_WHAT TO WORK ON_: Transcribe word for word the lines below from the line with "proof (intro conjI g(1) ballI impI notI)" through the line with "E f \<longrightarrow>", ends included.

(LISTED RECORDS begins)

(* Let $S_X,S_Y$ be finite nonempty action sets, $\varphi:S_X\times S_Y\to\mathbb{R}$ and $\lambda\in[0,1]$. If there exists a $(\varphi,\lambda)$-autocratic behavioral strategy for $X$, then for every $\lambda^*\in[\lambda,1]$ there exists a two-point reactive learning strategy for $X$ that is $(\varphi,\lambda^* )$-autocratic.
   Context: Two players $X,Y$ play a repeated game with finite action sets $S_X,S_Y$; $\Delta(S)$ denotes the probability distributions on $S$. $\varphi(\tau_X,s_Y)=\mathbb{E}_{s_X\sim\tau_X}[\varphi(s_X,s_Y)]$. Histories: $\mathcal{H}=\bigcup_{T\ge0}(S_X\times S_Y)^T$; behavioral strategies are maps $\sigma:\mathcal{H}\to\Delta(S)$; players independently draw actions each round from their strategies evaluated at the history of realized action pairs, with $\mathbb{E}_{\sigma_X,\sigma_Y}$ the expectation over the resulting play. For $\lambda\in[0,1)$, $\sigma_X$ is $(\varphi,\lambda)$-autocratic if for every behavioral strategy $\sigma_Y$ of $Y$, $\mathbb{E}_{\sigma_X,\sigma_Y}\big[(1-\lambda)\sum_{t\ge0}\lambda^t\varphi(s_X^t,s_Y^t)\big]=0$; $\sigma_X$ is $(\varphi,1)$-autocratic if for every behavioral strategy $\sigma_Y$ of $Y$ the limit $\lim_{T\to\infty}\frac1{T+1}\sum_{t=0}^T\mathbb{E}_{\sigma_X,\sigma_Y}[\varphi(s_X^t,s_Y^t)]$ exists and equals $0$. A reactive learning strategy $(\sigma_X^0,\sigma_X^* )$, $\sigma_X^0\in\Delta(S_X)$, $\sigma_X^*:\Delta(S_X)\times S_Y\to\Delta(S_X)$, plays $\tau_X^0=\sigma_X^0$ in round $0$ and $\tau_X^{t+1}=\sigma_X^*[\tau_X^t,s_Y^t]$ in round $t+1$ ($s_Y^t$ being $Y$'s realized action in round $t$). It is two-point if there exist $\tau_X^\pm\in\Delta(S_X)$, $p_0\in[0,1]$, $p^*:[0,1]\times S_Y\to[0,1]$ with $\sigma_X^0=p_0\tau_X^++(1-p_0)\tau_X^-$ and $\sigma_X^*[p\tau_X^++(1-p)\tau_X^-,s_Y]=p^*[p,s_Y]\tau_X^++(1-p^*[p,s_Y])\tau_X^-$ for all $p\in[0,1]$, $s_Y\in S_Y$. *)

theory Defs
  imports "HOL-Probability.Probability"
begin
(* Let $G$ be a graph without isolated vertices. (i) If $f=(V_0,V_1,V_2)$ is any $\gamma_R(G)$-function, then $\gamma_{qtR}(G)\le \gamma_R(G)+|V_2|$. (ii) If $f'=(V'_0,V'_1,V'_2)$ is any $\gamma_{qtR}(G)$-function, then $\gamma_{tR}(G)\le \gamma_{qtR}(G)+|V'_1|$.
   Context: All graphs are finite, simple and undirected. For a function $f:V(G)\to\{0,1,2\}$ write $V_i=\{v: f(v)=i\}$ and identify $f$ with $(V_0,V_1,V_2)$; its weight is $\omega(f)=\sum_{v}f(v)=|V_1|+2|V_2|$. A Roman dominating function (RDF) is such an $f$ in which every vertex with label $0$ has a neighbor with label $2$; $\gamma_R(G)$ is the minimum weight of an RDF. A total Roman dominating function (TRDF) on a graph without isolated vertices is an RDF such that the subgraph induced by $V_1\cup V_2$ has no isolated vertices; $\gamma_{tR}(G)$ is the minimum weight of a TRDF. A quasi-total Roman dominating function (QTRDF) is an $f:V(G)\to\{0,1,2\}$ such that every vertex with label $0$ is adjacent to a vertex with label $2$, and every vertex that is isolated in the subgraph induced by $V_1\cup V_2$ has label $1$; $\gamma_{qtR}(G)$ is the minimum weight of a QTRDF. A $\gamma_R(G)$-function (resp. $\gamma_{qtR}(G)$-function) is an RDF (resp. QTRDF) of minimum weight. *)

theory Defs
  imports Main
begin

definition simple_graph :: "'a set \<Rightarrow> ('a \<Rightarrow> 'a \<Rightarrow> bool) \<Rightarrow> bool" where
  "simple_graph V E \<longleftrightarrow> finite V \<and> (\<forall>u v. E u v \<longrightarrow> u \<in> V \<and> v \<in> V) \<and>
     (\<forall>u v. E u v \<longrightarrow> E v u) \<and> (\<forall>v. \<not> E v v)"

definition no_isolated :: "'a set \<Rightarrow> ('a \<Rightarrow> 'a \<Rightarrow> bool) \<Rightarrow> bool" where
  "no_isolated V E \<longleftrightarrow> (\<forall>v\<in>V. \<exists>u\<in>V. E v u)"

definition labeling :: "'a set \<Rightarrow> ('a \<Rightarrow> nat) \<Rightarrow> bool" where
  "labeling V f \<longleftrightarrow> (\<forall>v\<in>V. f v \<le> 2)"

definition lclass :: "'a set \<Rightarrow> ('a \<Rightarrow> nat) \<Rightarrow> nat \<Rightarrow> 'a set" where
  "lclass V f i = {v\<in>V. f v = i}"

definition weight :: "'a set \<Rightarrow> ('a \<Rightarrow> nat) \<Rightarrow> nat" where
  "weight V f = (\<Sum>v\<in>V. f v)"

definition is_RDF :: "'a set \<Rightarrow> ('a \<Rightarrow> 'a \<Rightarrow> bool) \<Rightarrow> ('a \<Rightarrow> nat) \<Rightarrow> bool" where
  "is_RDF V E f \<longleftrightarrow> labeling V f \<and>
     (\<forall>v\<in>V. f v = 0 \<longrightarrow> (\<exists>u\<in>V. E v u \<and> f u = 2))"

text \<open>v is isolated in the subgraph induced by V_1 \<union> V_2 (assuming f v \<noteq> 0).\<close>
definition isolated_in_pos :: "'a set \<Rightarrow> ('a \<Rightarrow> 'a \<Rightarrow> bool) \<Rightarrow> ('a \<Rightarrow> nat) \<Rightarrow> 'a \<Rightarrow> bool" where
  "isolated_in_pos V E f v \<longleftrightarrow> \<not> (\<exists>u\<in>V. E v u \<and> f u \<noteq> 0)"

definition is_TRDF :: "'a set \<Rightarrow> ('a \<Rightarrow> 'a \<Rightarrow> bool) \<Rightarrow> ('a \<Rightarrow> nat) \<Rightarrow> bool" where
  "is_TRDF V E f \<longleftrightarrow> is_RDF V E f \<and>
     (\<forall>v\<in>V. f v \<noteq> 0 \<longrightarrow> \<not> isolated_in_pos V E f v)"

definition is_QTRDF :: "'a set \<Rightarrow> ('a \<Rightarrow> 'a \<Rightarrow> bool) \<Rightarrow> ('a \<Rightarrow> nat) \<Rightarrow> bool" where
  "is_QTRDF V E f \<longleftrightarrow> is_RDF V E f \<and>
     (\<forall>v\<in>V. f v \<noteq> 0 \<longrightarrow> isolated_in_pos V E f v \<longrightarrow> f v = 1)"

definition gamma_R :: "'a set \<Rightarrow> ('a \<Rightarrow> 'a \<Rightarrow> bool) \<Rightarrow> nat" where
  "gamma_R V E = (LEAST w. \<exists>f. is_RDF V E f \<and> weight V f = w)"

definition gamma_tR :: "'a set \<Rightarrow> ('a \<Rightarrow> 'a \<Rightarrow> bool) \<Rightarrow> nat" where
  "gamma_tR V E = (LEAST w. \<exists>f. is_TRDF V E f \<and> weight V f = w)"

definition gamma_qtR :: "'a set \<Rightarrow> ('a \<Rightarrow> 'a \<Rightarrow> bool) \<Rightarrow> nat" where
  "gamma_qtR V E = (LEAST w. \<exists>f. is_QTRDF V E f \<and> weight V f = w)"

definition is_gamma_R_function :: "'a set \<Rightarrow> ('a \<Rightarrow> 'a \<Rightarrow> bool) \<Rightarrow> ('a \<Rightarrow> nat) \<Rightarrow> bool" where
  "is_gamma_R_function V E f \<longleftrightarrow> is_RDF V E f \<and> weight V f = gamma_R V E"

definition is_gamma_qtR_function :: "'a set \<Rightarrow> ('a \<Rightarrow> 'a \<Rightarrow> bool) \<Rightarrow> ('a \<Rightarrow> nat) \<Rightarrow> bool" where
  "is_gamma_qtR_function V E f \<longleftrightarrow> is_QTRDF V E f \<and> weight V f = gamma_qtR V E"

end

theory Submission
  imports Defs
begin

text \<open>Both bounds come from one repair step. Let \<open>f\<close> be an RDF and \<open>I\<close> a set of positively
  labelled vertices that are isolated in the subgraph induced by \<open>V\<^sub>1 \<union> V\<^sub>2\<close>. Every vertex
  of \<open>I\<close> has a neighbour, necessarily labelled \<open>0\<close>; relabelling one such neighbour per vertex
  of \<open>I\<close> with \<open>1\<close> costs at most \<open>|I|\<close> and leaves isolated only the positive vertices outside
  \<open>I\<close> that were isolated before. For (i) take \<open>I\<close> the isolated vertices of \<open>V\<^sub>2\<close>, so that the
  remaining isolated vertices carry label \<open>1\<close>; for (ii) the isolated vertices of a QTRDF all lie
  in \<open>V'\<^sub>1\<close>, and taking all of them as \<open>I\<close> leaves none.\<close>

definition pos_isolated :: "'a set \<Rightarrow> ('a \<Rightarrow> 'a \<Rightarrow> bool) \<Rightarrow> ('a \<Rightarrow> nat) \<Rightarrow> 'a set" where
  "pos_isolated V E f = {v \<in> V. f v \<noteq> 0 \<and> isolated_in_pos V E f v}"

lemma weight_relabel_zeros_le:
  assumes "finite V" and "S \<subseteq> V" and "\<forall>v\<in>S. f v = 0"
  shows "weight V (\<lambda>v. if v \<in> S then 1 else f v) \<le> weight V f + card S"
proof -
  have "weight V (\<lambda>v. if v \<in> S then 1 else f v) \<le> (\<Sum>v\<in>V. f v + (if v \<in> S then 1 else 0))"
    unfolding weight_def using assms(3) by (intro sum_mono) auto
  also have "\<dots> = weight V f + (\<Sum>v\<in>V. if v \<in> S then 1 else 0)"
    unfolding weight_def by (simp add: sum.distrib)
  also have "(\<Sum>v\<in>V. if v \<in> S then 1 else 0::nat) = card S"
    using assms(1,2) by (simp add: sum.If_cases Int_absorb1)
  finally show ?thesis .
qed

lemma is_RDF_relabel_zeros:
  assumes "is_RDF V E f" and "\<forall>v\<in>S. f v = 0"
  shows "is_RDF V E (\<lambda>v. if v \<in> S then 1 else f v)"
  using assms unfolding is_RDF_def labeling_def by (metis (full_types) one_le_numeral zero_neq_numeral)

lemma isolated_repair:
  assumes "simple_graph V E" and "no_isolated V E" and "is_RDF V E f"
    and "I \<subseteq> pos_isolated V E f"
  obtains g where "is_RDF V E g" and "weight V g \<le> weight V f + card I"
    and "\<And>v. f v \<noteq> 0 \<Longrightarrow> g v = f v"
    and "\<And>v. v \<in> V \<Longrightarrow> g v \<noteq> 0 \<Longrightarrow> isolated_in_pos V E g v \<Longrightarrow> v \<in> pos_isolated V E f - I"
proof -
  have fin: "finite V" and sym: "\<And>u v. E u v \<Longrightarrow> E v u"
    using assms(1) unfolding simple_graph_def by auto
  obtain nb where nb: "\<And>v. v \<in> V \<Longrightarrow> nb v \<in> V \<and> E v (nb v)"
    using assms(2) unfolding no_isolated_def by metis
  define S where "S = nb ` I"
  have I: "\<And>w. w \<in> I \<Longrightarrow> w \<in> V \<and> f w \<noteq> 0 \<and> isolated_in_pos V E f w"
    using assms(4) unfolding pos_isolated_def by auto
  have SV: "S \<subseteq> V" using nb I unfolding S_def by auto
  have S0: "\<forall>v\<in>S. f v = 0" using nb I unfolding S_def isolated_in_pos_def by fastforce
  define g where "g = (\<lambda>v. if v \<in> S then 1 else f v)"
  have g_pos: "g v \<noteq> 0" if "f v \<noteq> 0 \<or> v \<in> S" for v using that unfolding g_def by auto
  show thesis
  proof
    show "is_RDF V E g" unfolding g_def using assms(3) S0 by (rule is_RDF_relabel_zeros)
    have "finite I" using I by (blast intro: finite_subset[OF _ fin])
    then have "card S \<le> card I" unfolding S_def by (rule card_image_le)
    then show "weight V g \<le> weight V f + card I"
      using weight_relabel_zeros_le[OF fin SV S0] unfolding g_def by linarith
    show "g v = f v" if "f v \<noteq> 0" for v using that S0 unfolding g_def by auto
  next
    fix v assume v: "v \<in> V" "g v \<noteq> 0" and iso: "isolated_in_pos V E g v"
    have "v \<notin> S"
    proof
      assume "v \<in> S"
      then obtain w where "w \<in> I" "v = nb w" unfolding S_def by auto
      \<comment> \<open>the vertex \<open>w\<close> that \<open>v\<close> was chosen for keeps its positive label\<close>
      then show False using iso I[of w] nb[of w] sym g_pos[of w] unfolding isolated_in_pos_def by blast
    qed
    then have "f v \<noteq> 0" using v(2) unfolding g_def by simp
    moreover have "isolated_in_pos V E f v"
      using iso g_pos unfolding isolated_in_pos_def by blast
    moreover have "v \<notin> I"
      using iso nb[OF v(1)] g_pos[of "nb v"] unfolding S_def isolated_in_pos_def by blast
    ultimately show "v \<in> pos_isolated V E f - I" using v(1) unfolding pos_isolated_def by blast
  qed
qed

lemma gamma_qtR_le_weight: "is_QTRDF V E g \<Longrightarrow> gamma_qtR V E \<le> weight V g"
  unfolding gamma_qtR_def by (rule Least_le) blast

lemma gamma_tR_le_weight: "is_TRDF V E g \<Longrightarrow> gamma_tR V E \<le> weight V g"
  unfolding gamma_tR_def by (rule Least_le) blast

lemma gamma_qtR_le_gamma_R_function:
  assumes "simple_graph V E" and "no_isolated V E" and "is_gamma_R_function V E f"
  shows "gamma_qtR V E \<le> gamma_R V E + card (lclass V f 2)"
proof -
  have f: "is_RDF V E f" "weight V f = gamma_R V E"
    using assms(3) unfolding is_gamma_R_function_def by auto
  define I where "I = {v \<in> pos_isolated V E f. f v = 2}"
  have I_sub: "I \<subseteq> pos_isolated V E f" unfolding I_def by blast
  obtain g where g: "is_RDF V E g" "weight V g \<le> weight V f + card I"
    and g_eq: "\<And>v. f v \<noteq> 0 \<Longrightarrow> g v = f v"
    and g_iso: "\<And>v. v \<in> V \<Longrightarrow> g v \<noteq> 0 \<Longrightarrow> isolated_in_pos V E g v \<Longrightarrow> v \<in> pos_isolated V E f - I"
    by (rule isolated_repair[OF assms(1,2) f(1) I_sub]) (rule that)
  have "is_QTRDF V E g"
    unfolding is_QTRDF_def
  proof (intro conjI g(1) ballI impI)
    fix v assume "v \<in> V" "g v \<noteq> 0" "isolated_in_pos V E g v"
    then have "v \<in> pos_isolated V E f - I" by (rule g_iso)
    moreover have "f v \<le> 2" using f(1) \<open>v \<in> V\<close> unfolding is_RDF_def labeling_def by blast
    ultimately show "g v = 1" using g_eq unfolding I_def pos_isolated_def by fastforce
  qed
  moreover have "card I \<le> card (lclass V f 2)"
    using assms(1) unfolding simple_graph_def I_def pos_isolated_def lclass_def
    by (intro card_mono) auto
  ultimately show ?thesis using gamma_qtR_le_weight g(2) f(2) by fastforce
qed

lemma gamma_tR_le_gamma_qtR_function:
  assumes "simple_graph V E" and "no_isolated V E" and "is_gamma_qtR_function V E f"
  shows "gamma_tR V E \<le> gamma_qtR V E + card (lclass V f 1)"
proof -
  have f: "is_QTRDF V E f" "weight V f = gamma_qtR V E"
    using assms(3) unfolding is_gamma_qtR_function_def by auto
  then have rdf: "is_RDF V E f" unfolding is_QTRDF_def by blast
  obtain g where g: "is_RDF V E g" "weight V g \<le> weight V f + card (pos_isolated V E f)"
    and "\<And>v. f v \<noteq> 0 \<Longrightarrow> g v = f v"
    and g_iso: "\<And>v. v \<in> V \<Longrightarrow> g v \<noteq> 0 \<Longrightarrow> isolated_in_pos V E g v \<Longrightarrow> v \<in> pos_isolated V E f - pos_isolated V E f"
    by (rule isolated_repair[OF assms(1,2) rdf subset_refl]) (rule that)
  have "is_TRDF V E g"
    unfolding is_TRDF_def
  proof (intro conjI g(1) ballI impI notI)
    fix v assume "v \<in> V" "g v \<noteq> 0" "isolated_in_pos V E g v"
    from g_iso[OF this] show False by simp
  qed
  moreover have "card (pos_isolated V E f) \<le> card (lclass V f 1)"
    using assms(1) f(1) unfolding simple_graph_def is_QTRDF_def pos_isolated_def lclass_def
    by (intro card_mono) auto
  ultimately show ?thesis using gamma_tR_le_weight g(2) f(2) by fastforce
qed

theorem mainTheorem1:
  fixes V :: "'a set" and E :: "'a \<Rightarrow> 'a \<Rightarrow> bool"
  assumes "simple_graph V E" and "no_isolated V E"
  shows "(\<forall>f. is_gamma_R_function V E f \<longrightarrow>
            gamma_qtR V E \<le> gamma_R V E + card (lclass V f 2))
       \<and> (\<forall>f'. is_gamma_qtR_function V E f' \<longrightarrow>
            gamma_tR V E \<le> gamma_qtR V E + card (lclass V f' 1))"
  using gamma_qtR_le_gamma_R_function[OF assms] gamma_tR_le_gamma_qtR_function[OF assms]
  by blast

end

(LISTED RECORDS ends)

_THE COMPLETED TASK_:
  proof (intro conjI g(1) ballI impI notI)
    fix v assume "v \<in> V" "g v \<noteq> 0" "isolated_in_pos V E g v"
    from g_iso[OF this] show False by simp
  qed
  moreover have "card (pos_isolated V E f) \<le> card (lclass V f 1)"
    using assms(1) f(1) unfolding simple_graph_def is_QTRDF_def pos_isolated_def lclass_def
    by (intro card_mono) auto
  ultimately show ?thesis using gamma_tR_le_weight g(2) f(2) by fastforce
qed

theorem mainTheorem1:
  fixes V :: "'a set" and E :: "'a \<Rightarrow> 'a \<Rightarrow> bool"
  assumes "simple_graph V E" and "no_isolated V E"
  shows "(\<forall>f. is_gamma_R_function V E f \<longrightarrow>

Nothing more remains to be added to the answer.